42 points by lai-yin on Dec 18, 2021 | hide | past | favorite | 33 comments
Between Nov 20 and Dec 14, someone with the IP address 34.66.115.47 has submitted 16 requests to join my email newsletter on my website form with nonsense email accounts like mphtnarrwqrs@gmail.com and qrzqoiakkubp@gmail.com. In one instance they used a real email address, so I have their name and know the company they work for (which is in my industry and we actually have mutual colleagues). What could this person possibly be doing with all these weird form submissions? I have a very basic, static website, do no A/B testing, and haven't made any updates to it in months. What do you think?



Welcome to public-facing application security :) Any number of reasons, potentially more than one at once:

1. Being a dick / bored / ...

2. Pen-testing you for some reason.

3. Trying to inflate your signup numbers for some reason.

4. Trying to see how many users you have (see other comment)

5. Testing their own fake email system for something

6. Trying to increase your costs

7. Demonstrating something for someone else not realizing it's production

8. Pure, unadulterated incompetence

9. Something else malicious


10. Just trying to get rid of your "Subscribe to the newsletter" pop-up.

Assuming there is one, of course, but my experience with current newsletters is that there is a popup. Sometimes a "delayed action" one.


9. might be: get on your mailing list then when you send emails to those accounts flag them as SPAM in an effort to harm your email deliverability.


Haha sounds like fun! I need to dive into that more. Maybe for the next iteration of our website.

I tried emailing a few of these accounts from a burner email and got bounce backs on all of them.

Also just realized that since 12-15 another IP address 35.238.7.76 has submitted 4 more jibberish email accounts like uxjzylbwryxb@gmail.com.

So if they are fake accounts that bounce back, I guess that could hurt my deliverability rates with Constant Contact - not sure though. In any case I haven't been uploading them to my email contacts list so if he is trying to hurt my account it's been totally ineffective. And he'll need to increase his number of submissions by a few orders of magnitude to make a difference in the costs.

I guess my next step would have to be figuring out how to block multiple submissions from the same IP address or just reaching out to this dude and asking what's up. I need to learn more about him first since he works for someone kinda influential in my industry.


"6. Trying to increase your costs" would have been my initial guess, failing Hanlon's Razor (8.)


They’re probably just scraping e-mail newsletters for competitive intel. It’s likely a SaaS.


just 1 actor?

probably 1)...


So in terms of 16 requests, that's nothing. Something actually malicious would be thousands.

Either this person is setting up to do something malicious and hasn't even started, or they're more likely studying your sign up process, struggling with it, and have a short memory so they did it many times over 15 days.

The fact is, having an open form on the internet is like having an open invite to come shit in your toilets.

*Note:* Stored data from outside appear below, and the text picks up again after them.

(* Consider, under stochastic mass-action kinetics, the reaction networks W3: $S_1\underset{\beta}{\overset{\alpha}{\rightleftharpoons}}S_2$, $2S_1\underset{\lambda_2}{\overset{\lambda_1}{\rightleftharpoons}}2S_2$, and W4: $2S_1\underset{\lambda_5}{\overset{\lambda_3}{\rightleftharpoons}}S_1+S_2$, $2S_1\underset{\lambda_2}{\overset{\lambda_1}{\rightleftharpoons}}2S_2$. For each of them and every positive rate vector $\kappa$, $(\mathcal{G},\kappa)$ has product-form stationary distribution if and only if $(\mathcal{G},\kappa)$ is complex balanced.
   Context: Stochastic mass-action kinetics: reaction $\nu\to\nu'$ with rate $\kappa$ moves state $x\in\mathbb{Z}^2_{\ge0}$ to $x+\nu'-\nu$ with intensity $\kappa\frac{x!}{(x-\nu)!}\mathbf{1}_{x\ge\nu}$, $z!=z_1!z_2!$. $(\mathcal{G},\kappa)$ has product-form stationary distribution if there are $f_1,f_2:\mathbb{Z}_{\ge0}\to\mathbb{R}_{>0}$ such that on every positive recurrent irreducible component $\Gamma$ (nonempty set closed under reachability with every state reachable from every other) the stationary distribution is $\pi_\Gamma(x)=Z_\Gamma^{-1}f_1(x_1)f_2(x_2)$. $(\mathcal{G},\kappa)$ is complex balanced if there is $c\in\mathbb{R}^2_{>0}$ such that for every complex $\eta$, $\sum_{\nu\to\eta}\kappa_{\nu\to\eta}c^\nu=\sum_{\eta\to\nu'}\kappa_{\eta\to\nu'}c^\eta$. *)

theory Defs
  imports "HOL-Analysis.Analysis"
begin

text \<open>States and complexes live in Z^2_{>=0}, rendered as nat * nat.
  A reaction is a pair (source complex nu, product complex nu').\<close>

type_synonym state = "nat \<times> nat"
type_synonym reaction = "state \<times> state"

definition cle :: "state \<Rightarrow> state \<Rightarrow> bool" where
  "cle \<nu> x \<longleftrightarrow> fst \<nu> \<le> fst x \<and> snd \<nu> \<le> snd x"

text \<open>x + nu' - nu (only used when nu <= x)\<close>
definition fire :: "reaction \<Rightarrow> state \<Rightarrow> state" where
  "fire r x = (fst x - fst (fst r) + fst (snd r), snd x - snd (fst r) + snd (snd r))"

definition intensity :: "(reaction \<Rightarrow> real) \<Rightarrow> reaction \<Rightarrow> state \<Rightarrow> real" where
  "intensity \<kappa> r x =
     (if cle (fst r) x
      then \<kappa> r * (fact (fst x) / fact (fst x - fst (fst r)))
                 * (fact (snd x) / fact (snd x - snd (fst r)))
      else 0)"

definition step :: "reaction set \<Rightarrow> (reaction \<Rightarrow> real) \<Rightarrow> state \<Rightarrow> state \<Rightarrow> bool" where
  "step R \<kappa> x y \<longleftrightarrow> (\<exists>r\<in>R. intensity \<kappa> r x > 0 \<and> y = fire r x)"

definition reach :: "reaction set \<Rightarrow> (reaction \<Rightarrow> real) \<Rightarrow> state \<Rightarrow> state \<Rightarrow> bool" where
  "reach R \<kappa> = (step R \<kappa>)\<^sup>*\<^sup>*"

definition irreducible_component :: "reaction set \<Rightarrow> (reaction \<Rightarrow> real) \<Rightarrow> state set \<Rightarrow> bool" where
  "irreducible_component R \<kappa> \<Gamma> \<longleftrightarrow>
     \<Gamma> \<noteq> {} \<and>
     (\<forall>x\<in>\<Gamma>. \<forall>y. reach R \<kappa> x y \<longrightarrow> y \<in> \<Gamma>) \<and>
     (\<forall>x\<in>\<Gamma>. \<forall>y\<in>\<Gamma>. reach R \<kappa> x y)"

text \<open>The inflow into y is the finite sum
  over reactions r whose firing from the state y - nu' + nu lands in y.\<close>
definition stationary :: "reaction set \<Rightarrow> (reaction \<Rightarrow> real) \<Rightarrow> state set \<Rightarrow> (state \<Rightarrow> real) \<Rightarrow> bool" where
  "stationary R \<kappa> \<Gamma> \<pi> \<longleftrightarrow>
     (\<forall>x. \<pi> x \<ge> 0) \<and> (\<forall>x. x \<notin> \<Gamma> \<longrightarrow> \<pi> x = 0) \<and> (\<pi> has_sum 1) \<Gamma> \<and>
     (\<forall>y\<in>\<Gamma>. \<pi> y * (\<Sum>r\<in>R. intensity \<kappa> r y) =
        (\<Sum>r\<in>R. if cle (snd r) y
                  then (let x = (fst y - fst (snd r) + fst (fst r), snd y - snd (snd r) + snd (fst r))
                        in \<pi> x * intensity \<kappa> r x)
                  else 0))"

definition pos_rec_component :: "reaction set \<Rightarrow> (reaction \<Rightarrow> real) \<Rightarrow> state set \<Rightarrow> bool" where
  "pos_rec_component R \<kappa> \<Gamma> \<longleftrightarrow>
     irreducible_component R \<kappa> \<Gamma> \<and> (\<exists>\<pi>. stationary R \<kappa> \<Gamma> \<pi>)"

definition product_form :: "reaction set \<Rightarrow> (reaction \<Rightarrow> real) \<Rightarrow> bool" where
  "product_form R \<kappa> \<longleftrightarrow>
     (\<exists>f1 f2 :: nat \<Rightarrow> real. (\<forall>n. f1 n > 0) \<and> (\<forall>n. f2 n > 0) \<and>
        (\<forall>\<Gamma>. pos_rec_component R \<kappa> \<Gamma> \<longrightarrow>
           (\<exists>Z > 0. \<forall>\<pi>. stationary R \<kappa> \<Gamma> \<pi> \<longrightarrow>
               (\<forall>x\<in>\<Gamma>. \<pi> x = f1 (fst x) * f2 (snd x) / Z))))"

definition complexes :: "reaction set \<Rightarrow> state set" where
  "complexes R = fst ` R \<union> snd ` R"

definition cpow :: "real \<times> real \<Rightarrow> state \<Rightarrow> real" where
  "cpow c \<nu> = fst c ^ fst \<nu> * snd c ^ snd \<nu>"

definition complex_balanced :: "reaction set \<Rightarrow> (reaction \<Rightarrow> real) \<Rightarrow> bool" where
  "complex_balanced R \<kappa> \<longleftrightarrow>
     (\<exists>c. fst c > 0 \<and> snd c > 0 \<and>
        (\<forall>\<eta>\<in>complexes R.
           (\<Sum>r\<in>{r\<in>R. snd r = \<eta>}. \<kappa> r * cpow c (fst r)) =
           (\<Sum>r\<in>{r\<in>R. fst r = \<eta>}. \<kappa> r * cpow c \<eta>)))"

text \<open>W3: S1 <=> S2 (alpha, beta), 2S1 <=> 2S2 (lambda1, lambda2).\<close>
definition W3 :: "reaction set" where
  "W3 = {((1,0),(0,1)), ((0,1),(1,0)), ((2,0),(0,2)), ((0,2),(2,0))}"

text \<open>W4: 2S1 <=> S1+S2 (lambda3, lambda5), 2S1 <=> 2S2 (lambda1, lambda2).\<close>
definition W4 :: "reaction set" where
  "W4 = {((2,0),(1,1)), ((1,1),(2,0)), ((2,0),(0,2)), ((0,2),(2,0))}"

end

theory Submission
  imports Defs
begin

text \<open>Both networks are reversible and conserve the total number of molecules, so every level
  \<open>x\<^sub>1 + x\<^sub>2 = N\<close> with \<open>N \<ge> 1\<close> (W3) resp. \<open>N \<ge> 2\<close> (W4) is a finite irreducible class.
  Complex balance of these networks amounts to detailed balance (each linkage class is a tree of
  reversible reactions); then the Poisson product \<open>c\<^sup>x / x!\<close> satisfies detailed balance, and a
  maximum principle for \<open>\<pi> / \<mu>\<close> shows that it is the only stationary distribution on each class.
  Conversely, the stationary distributions on the three lowest irreducible levels are known
  explicitly.  Product form forces a cross-ratio identity between them, which factors as
  \<open>(\<alpha>\<^sup>2\<lambda>\<^sub>2 - \<beta>\<^sup>2\<lambda>\<^sub>1) Q\<close> for W3 and \<open>(\<lambda>\<^sub>3\<^sup>2\<lambda>\<^sub>2 - \<lambda>\<^sub>5\<^sup>2\<lambda>\<^sub>1) Q\<close> for W4 with \<open>Q > 0\<close>; the vanishing
  of the first factor is exactly complex balance.\<close>

definition level :: "nat \<Rightarrow> state set" where
  "level N = {x. fst x + snd x = N}"

definition conservative :: "reaction set \<Rightarrow> bool" where
  "conservative R \<longleftrightarrow> (\<forall>r\<in>R. fst (fst r) + snd (fst r) = fst (snd r) + snd (snd r))"

definition reversible :: "reaction set \<Rightarrow> bool" where
  "reversible R \<longleftrightarrow> (\<forall>r\<in>R. prod.swap r \<in> R)"

definition inflow :: "reaction set \<Rightarrow> (reaction \<Rightarrow> real) \<Rightarrow> (state \<Rightarrow> real) \<Rightarrow> state \<Rightarrow> real" where
  "inflow R \<kappa> w y =
     (\<Sum>r\<in>R. if cle (snd r) y
             then (let x = (fst y - fst (snd r) + fst (fst r), snd y - snd (snd r) + snd (fst r))
                   in w x * intensity \<kappa> r x)
             else 0)"

definition balanced_on :: "reaction set \<Rightarrow> (reaction \<Rightarrow> real) \<Rightarrow> (state \<Rightarrow> real) \<Rightarrow> state set \<Rightarrow> bool" where
  "balanced_on R \<kappa> w \<Gamma> \<longleftrightarrow> (\<forall>y\<in>\<Gamma>. w y * (\<Sum>r\<in>R. intensity \<kappa> r y) = inflow R \<kappa> w y)"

Since this person is within your industry, I'd just poke them and ask. That will most likely make them stop. The fact that they use their own IP address and used a real email address means to me that this person is non-malicious.

Plus point for sending them a report of their own activity, real time as they submit it, to their email address.


Send an email to the proper looking address and ask them what's up with all the different sign-ups. Check in to see if they're experiencing technical problems or something that you can help with.

Also report back here because now we're curious too ;)


Does your newsletter have a "Welcome user number 1234"? or similar, like a number in the URL? Ages ago I used a similar approach to gain data on growth of a website. They would increase a number in the URL for every (shopping) checkout session, easy way to figure out if there was growth or not.


Thanks for the suggestion. There is no visible counter on the webpage for users to see, and I'm not seeing one when I look under the hood in DevTools. I could be missing something though. It still would be odd since given my industry and where this user works, I don't see much incentive for him to track my subscriber growth.


He/she is developing something similar to what you are exposing and is reverse engineering the behavior for quick solutions/shortcuts. Or is learning how form submissions work.

Not that i haven't done anything like that, ever :)


That's really strange. Only thing I can think of is the person is using multiple throwaway email accounts to join your newsletter. They are then marking all your messages as spam in an attempt to get your email blacklisted. Hopefully someone has a less malicious explanation.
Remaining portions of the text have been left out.